= Brett Godfrey =

Australian businessman

Brett Godfrey (born 8 August 1963) is an Australian businessman and co-founder of Virgin Australia. Godfrey was awarded the Centenary Medal for his service to Tourism and Aviation in 2003 and inducted into the HM Awards' ‘Hall of Fame' in 2015.

==Career==

Godfrey was educated in Melbourne, before qualifying as a Chartered Accountant with Touche Ross in 1987. Godfrey worked for the firm's Canadian arm before returning to Australia in 1989 and joining Sherrard/National Jet in Melbourne as its Financial Controller.

Godfrey's Virgin career began in the early 1990s when he moved to the UK to join airline Virgin Atlantic as Finance Manager. In 1996, Godfrey became chief financial officer and represented Virgin's interests in the acquisition of a new European low cost airline – Virgin Express. In 1999, Godfrey joined with Richard Branson announcing plans of Australia's newest airline, Virgin Blue.
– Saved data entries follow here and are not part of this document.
section \<open>Diagonal implicit models of stable positive systems\<close>

lemma schur_stable_imp_column_sums_decay:
  fixes A :: "real^'n^'n"
  assumes "schur_stable A"
  obtains \<alpha> N where "0 < \<alpha>" "\<alpha> < 1" "0 < N" "\<And>j. (1 v* matpow A N) $ j \<le> \<alpha> ^ N"
proof -
  obtain \<beta> c where \<beta>: "0 < \<beta>" "\<beta> < 1" and c: "\<And>k i j. \<bar>matpow A k $ i $ j\<bar> \<le> c * \<beta> ^ k"
    using schur_stable_imp_matpow_decay[OF assms] by blast
  define \<alpha> where "\<alpha> = (1 + \<beta>) / 2"
  have \<alpha>: "0 < \<alpha>" "\<alpha> < 1" "\<beta> < \<alpha>"
    using \<beta> by (simp_all add: \<alpha>_def)
  define C where "C = real CARD('n) * \<bar>c\<bar>"
  have "(\<lambda>k. C * (\<beta> / \<alpha>) ^ k) \<longlonglongrightarrow> 0"
    using \<alpha> \<beta> by (intro tendsto_mult_right_zero LIMSEQ_power_zero) simp
  then have "eventually (\<lambda>k. C * (\<beta> / \<alpha>) ^ k < 1) sequentially"
    by (rule order_tendstoD) simp
  then obtain N where N: "0 < N" "C * (\<beta> / \<alpha>) ^ N \<le> 1"
    by (metis (no_types, lifting) eventually_at_top_linorder less_le_not_le le_add2 add_gr_0
        less_numeral_extra(1) nless_le)
  have "(1 v* matpow A N) $ j \<le> \<alpha> ^ N" for j
  proof -
    have entry_bound: "matpow A N $ i $ j \<le> \<bar>c\<bar> * \<beta> ^ N" for i
    proof -
      have "c * \<beta> ^ N \<le> \<bar>c\<bar> * \<beta> ^ N"
        using \<beta> by (intro mult_right_mono) auto
      then show ?thesis using c[of N i j] by linarith
    qed
    have "(1 v* matpow A N) $ j \<le> (\<Sum>i\<in>(UNIV :: 'n set). \<bar>c\<bar> * \<beta> ^ N)"
      unfolding one_vector_matrix_mult_index by (intro sum_mono entry_bound)
    also have "\<dots> = C * (\<beta> / \<alpha>) ^ N * \<alpha> ^ N"
      using \<alpha> by (simp add: C_def power_divide)
    also have "\<dots> \<le> \<alpha> ^ N"
      using N(2) \<alpha> by (simp add: mult_left_le_one_le)
    finally show ?thesis .
  qed
  with \<alpha> N show ?thesis by (intro that)
qed

lemma sum_vector_matrix_mult: "(\<Sum>k\<in>S. u k) v* A = (\<Sum>k\<in>S. u k v* (A :: real^'m^'n))"
proof -
  have "(\<Sum>i\<in>UNIV. (\<Sum>k\<in>S. u k $ i) * A $ i $ j) = (\<Sum>k\<in>S. \<Sum>i\<in>UNIV. u k $ i * A $ i $ j)" for j
    by (simp add: sum_distrib_right) (rule sum.swap)
  then show ?thesis
    by (simp add: vector_matrix_mult_def Finite_Cartesian_Product.vec_eq_iff)
qed

text \<open>The truncated Neumann series \<open>d = \<Sum>k<N. 1 v* (A / \<alpha>)\<^sup>k\<close> telescopes under
  right multiplication by \<open>A\<close>; the decay of the tail term \<open>1 v* (A / \<alpha>)\<^sup>N\<close> closes the estimate.\<close>

lemma copositive_lyapunov_vector:
  fixes A :: "real^'n^'n"
  assumes A: "nonneg_mat A" and \<alpha>: "0 < \<alpha>" and N: "0 < N"
    and decay: "\<And>j. (1 v* matpow A N) $ j \<le> \<alpha> ^ N"
  obtains d :: "real^'n" where "\<And>j. 1 \<le> d $ j" "\<And>j. (d v* A) $ j \<le> \<alpha> * d $ j"
proof -
  define u where "u k = (1 / \<alpha>) ^ k *\<^sub>R (1 v* matpow A k)" for k
  define d where "d = (\<Sum>k<N. u k)"
  have u_nonneg: "0 \<le> u k $ j" for k j
    using nonneg_matpow[OF A, of k] \<alpha>
    by (simp add: u_def one_vector_matrix_mult_index nonneg_mat_def sum_nonneg)
  have u0: "u 0 = 1"
    by (simp add: u_def)
  have uN: "u N $ j \<le> 1" for j
    using decay[of j] \<alpha> by (simp add: u_def power_one_over field_simps)
  have uA: "u k v* A = \<alpha> *\<^sub>R u (Suc k)" for k
    using \<alpha> by (simp add: u_def scaleR_vector_matrix_assoc vector_matrix_mul_assoc)
  have "d v* A = \<alpha> *\<^sub>R (\<Sum>k<N. u (Suc k))"
    by (simp add: d_def sum_vector_matrix_mult uA scaleR_sum_right)
  also have "(\<Sum>k<N. u (Suc k)) = d - u 0 + u N"
    unfolding d_def using sum.lessThan_Suc_shift[of u N] sum.lessThan_Suc[of u N]
    by (simp add: algebra_simps)
  finally have "(d v* A) $ j = \<alpha> * (d $ j - 1 + u N $ j)" for j
    by (simp add: u0)
  then have "(d v* A) $ j \<le> \<alpha> * d $ j" for j
    using uN[of j] \<alpha> by (simp add: mult_left_mono)
  moreover have "1 \<le> d $ j" for j
  proof -
    obtain M where M: "N = Suc M" using N gr0_conv_Suc by blast
    have "d $ j = (\<Sum>k<Suc M. u k $ j)"
      by (simp add: d_def M del: sum.lessThan_Suc)
    also have "\<dots> = 1 + (\<Sum>k<M. u (Suc k) $ j)"
      by (subst sum.lessThan_Suc_shift) (simp add: u0)
    finally show ?thesis using u_nonneg by (simp add: sum_nonneg)
  qed
  ultimately show ?thesis by (intro that)
qed

definition diag_mat :: "real^'n \<Rightarrow> real^'n^'n" where
  "diag_mat d = (\<chi> i j. if i = j then d $ i else 0)"

lemma diag_mat_mult_index: "(diag_mat d ** X) $ i $ j = d $ i * X $ i $ j"
proof -
  have "(\<Sum>k\<in>UNIV. (if i = k then d $ i else 0) * X $ k $ j)
      = (\<Sum>k\<in>UNIV. if i = k then d $ i * X $ i $ j else 0)"
    by (rule sum.cong) auto
  then show ?thesis
    by (simp add: diag_mat_def matrix_matrix_mult_def)
qed

lemma invertible_diag_mat:
  assumes "\<And>i. d $ i \<noteq> 0"
  shows "invertible (diag_mat d)"
proof -
  have "(diag_mat (\<chi> i. 1 / d $ i) ** diag_mat d) $ i $ j = Finite_Cartesian_Product.mat 1 $ i $ j"
    for i j
    using assms by (simp add: diag_mat_mult_index) (simp add: diag_mat_def Finite_Cartesian_Product.mat_def)
  then have "diag_mat (\<chi> i. 1 / d $ i) ** diag_mat d = Finite_Cartesian_Product.mat 1"
    by (simp add: Finite_Cartesian_Product.vec_eq_iff)
  then show ?thesis
    using invertible_left_inverse by blast
qed

lemma pos_def_diag_mat:
  fixes d :: "real^'n"
  assumes "\<And>i. 0 < d $ i"
  shows "pos_def (diag_mat d)"
  unfolding pos_def_def
proof (intro allI impI)
  fix x :: "real^'n"
  assume "x \<noteq> 0"
  then obtain i where "x $ i \<noteq> 0"
    by (auto simp: Finite_Cartesian_Product.vec_eq_iff)
  have "(\<Sum>j\<in>UNIV. (if k = j then d $ k else 0) * x $ j) = (\<Sum>j\<in>UNIV. if k = j then d $ k * x $ k else 0)"
    for k by (rule sum.cong) auto
  then have "diag_mat d *v x = d * x"
    by (simp add: diag_mat_def matrix_vector_mult_def Finite_Cartesian_Product.vec_eq_iff)
  then have "x \<bullet> (diag_mat d *v x) = (\<Sum>j\<in>UNIV. d $ j * (x $ j)\<^sup>2)"
    by (simp add: inner_vec_def power2_eq_square mult_ac)
  also have "\<dots> > 0"
    using assms \<open>x $ i \<noteq> 0\<close>
    by (intro sum_pos2[of UNIV i]) (simp_all add: less_imp_le)
  finally show "0 < x \<bullet> (diag_mat d *v x)" .
qed

lemma M_matrix_diag_mat:
  fixes d :: "real^'n"
  assumes "\<And>i. 0 < d $ i"
  shows "M_matrix (diag_mat d)"
  unfolding M_matrix_def
proof (intro conjI allI impI)
  fix i j :: 'n
  assume "i \<noteq> j"
  then show "diag_mat d $ i $ j \<le> 0" by (simp add: diag_mat_def)
next
  fix ev
  assume "is_eigenvalue (diag_mat d) ev"
  then obtain v where v: "v \<noteq> 0" "cmat (diag_mat d) *v v = ev *s v"
    unfolding is_eigenvalue_def by blast
  then obtain i where vi: "v $ i \<noteq> 0"
    by (auto simp: Finite_Cartesian_Product.vec_eq_iff)
  have "(\<Sum>j\<in>UNIV. complex_of_real (if i = j then d $ i else 0) * v $ j)
      = (\<Sum>j\<in>UNIV. if i = j then complex_of_real (d $ i) * v $ i else 0)"
    by (rule sum.cong) auto
  then have "(cmat (diag_mat d) *v v) $ i = complex_of_real (d $ i) * v $ i"
    by (simp add: diag_mat_def matrix_vector_mult_def)
  then have "ev = complex_of_real (d $ i)"
    using v(2) vi by simp
  then show "0 < Re ev" using assms by simp
qed

lemma diag_mat_symmetric_part:
  "diag_mat d + transpose (diag_mat d) - c *\<^sub>R Finite_Cartesian_Product.mat 1 = diag_mat (\<chi> i. 2 * d $ i - c)"
  by (simp add: diag_mat_def transpose_def Finite_Cartesian_Product.mat_def
      Finite_Cartesian_Product.vec_eq_iff)

lemma implicit_conds_diag_mat:
  fixes A :: "real^'n^'n" and B :: "real^'m^'n"
  assumes A: "nonneg_mat A" and B: "nonneg_mat B" and \<alpha>: "0 < \<alpha>" "\<alpha> < 1"
    and d: "\<And>j. 1 \<le> d $ j" and dA: "\<And>j. (d v* A) $ j \<le> \<alpha> * d $ j"
  shows "implicit_conds (diag_mat d) (diag_mat d ** A) (diag_mat d ** B) 1 \<alpha>"
proof -
  have d_pos: "0 < d $ i" for i
    using d[of i] by simp
  have "0 < 2 * d $ i - 1" for i
    using d[of i] by simp
  then have "pos_def (diag_mat d + transpose (diag_mat d) - 1 *\<^sub>R Finite_Cartesian_Product.mat 1)"
    unfolding diag_mat_symmetric_part by (intro pos_def_diag_mat) simp
  moreover have "nonneg_mat (diag_mat d)"
    using d_pos by (simp add: diag_mat_def nonneg_mat_def less_imp_le)
  moreover have "0 \<le> (\<Sum>i\<in>UNIV. \<alpha> * diag_mat d $ i $ j - (diag_mat d ** A) $ i $ j)" for j
  proof -
    have "(\<Sum>i\<in>UNIV. \<alpha> * diag_mat d $ i $ j - (diag_mat d ** A) $ i $ j) = \<alpha> * d $ j - (d v* A) $ j"
      by (simp add: diag_mat_mult_index sum_subtractf vector_matrix_mult_def)
         (simp add: diag_mat_def if_distrib cong: if_cong)
    then show ?thesis using dA[of j] by simp
  qed
  ultimately show ?thesis
    using \<alpha> A B M_matrix_diag_mat[OF d_pos]
    by (simp add: implicit_conds_def nonneg_mat_mult)
qed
“In the case of Virgin Blue, we backed the plans of a former Virgin Express executive and entrepreneur Brett Godfrey, who first presented his ideas to me sketched out on a beer mat." Sir Richard Branson

In 2003 Virgin Blue Airlines debuted on the Australian Securities Exchange and turned a $10m investment into a $2.3B listed company and by the end of Godfrey's tenure Virgin Blue had made $700M in accumulated profits.

Godfrey retired as CEO of Virgin Blue in 2010.

==Virgin Australia==

Brett Godfrey is co-founder and was founding CEO of Virgin Australia Holdings, launching the airline with just UD$10M in seed capital and 2 jets. He greatly expanded the airline, introducing low fare flights and creating partnerships with other airlines, often taking advantage of downturns in the airline industry.

Godfrey's 10-year period as CEO saw the airline expand to an operation of 86 aircraft, 6,500 staff and an Airline Group incorporating Virgin Blue and international subsidiaries Pacific Blue, Polynesian Blue and V Australia. Godfrey was credited with developing the "New World Carrier" strategy that initiated Virgin's move up-market and Virgin Blue's renewal and growth 'Airline of the Future' project now known as Virgin Australia. Prior to his departure from the airline in 2010, Godfrey introduced Business Class on long haul operations and established partnerships with Delta Air Lines and Air New Zealand.

At Virgin Blue's annual results announcement 3 months before Godfrey's retirement, the airline reported a larger profit than the national carrier. It was the first time a rival Australian airline had greater profits than Qantas.

“The Virgin Blue that Brett Godfrey ran for ten years, finally broke the grip that established legacy airlines had on Australian aviation."

==Other business ventures==

In 2001, Godfrey purchased Makepeace Island in partnership with Sir Richard Branson. The small heart shaped island resort is located in the Noosa River on Australia's Sunshine Coast. In 2011, Godfrey purchased Quamby Estate in Tasmania with former Virgin Blue Deputy CEO, Rob Sherrard. The estate is one of Tasmania's most historically important properties dating back to 1828 and now a commercial luxury lodge. In 2013, Godfrey continued his acquisition of tourism assets with the purchase of the Tasmanian Walking Company in partnership with Rob Sherrard. TWC owns a number of award-winning eco-tourism walks including Cradle Mountain Huts Walk along the World Heritage Area, Overland Track; Bay of Fires Lodge and Spa, Wineglass Bay Sail Walk and Three Capes Lodge Walk.

Godfrey launched the Australian Walking Company (AWC) in July 2015 with former Qantas CEO Geoff Dixon, Rob Sherrard and Greenstone Partner, Scott Malcolm. The acquisition of the Twelve Apostles Lodge Walk represents AWC's first guided walks investment. (10)

In 2019 Godfrey was appointed Chairman of the Tasmanian AFL Taskforce. It was a decade’s old-struggle and then a really cleverly constructed five-year campaign. The Task Force that ran under Brett Godfrey and produced a compelling report – and a confronting report – that this would be the last time Tasmania would seriously put itself forward for recognition, for respect and not to be treated in the condescending manner of the past. On the 3rd May 2023, AFL CEO Gillon McLachlan "praised Tasmania's patience, passion and perseverance after the League's 19th licence was officially granted to the state ahead of an expected entrance into the AFL in 2028".

==Directorships==

Godfrey is Chairman of Tourism and Events Queensland, Chairman of the Tasmanian AFL Taskforce and a Director of Rugby Australia.

Previously, Godfrey was a Director of WestJet (2006 - 2019) and a Director of Auckland Airport (2010 - 2019).

==Awards==

HM Awards 'Hall of Fame' Inductee
Centenary Medal for service to Tourism and Aviation
Australian Chief executive of the Year by the Institute of Customer Service
Outstanding Chartered Accountant in Business, by the Institute of Chartered Accountants.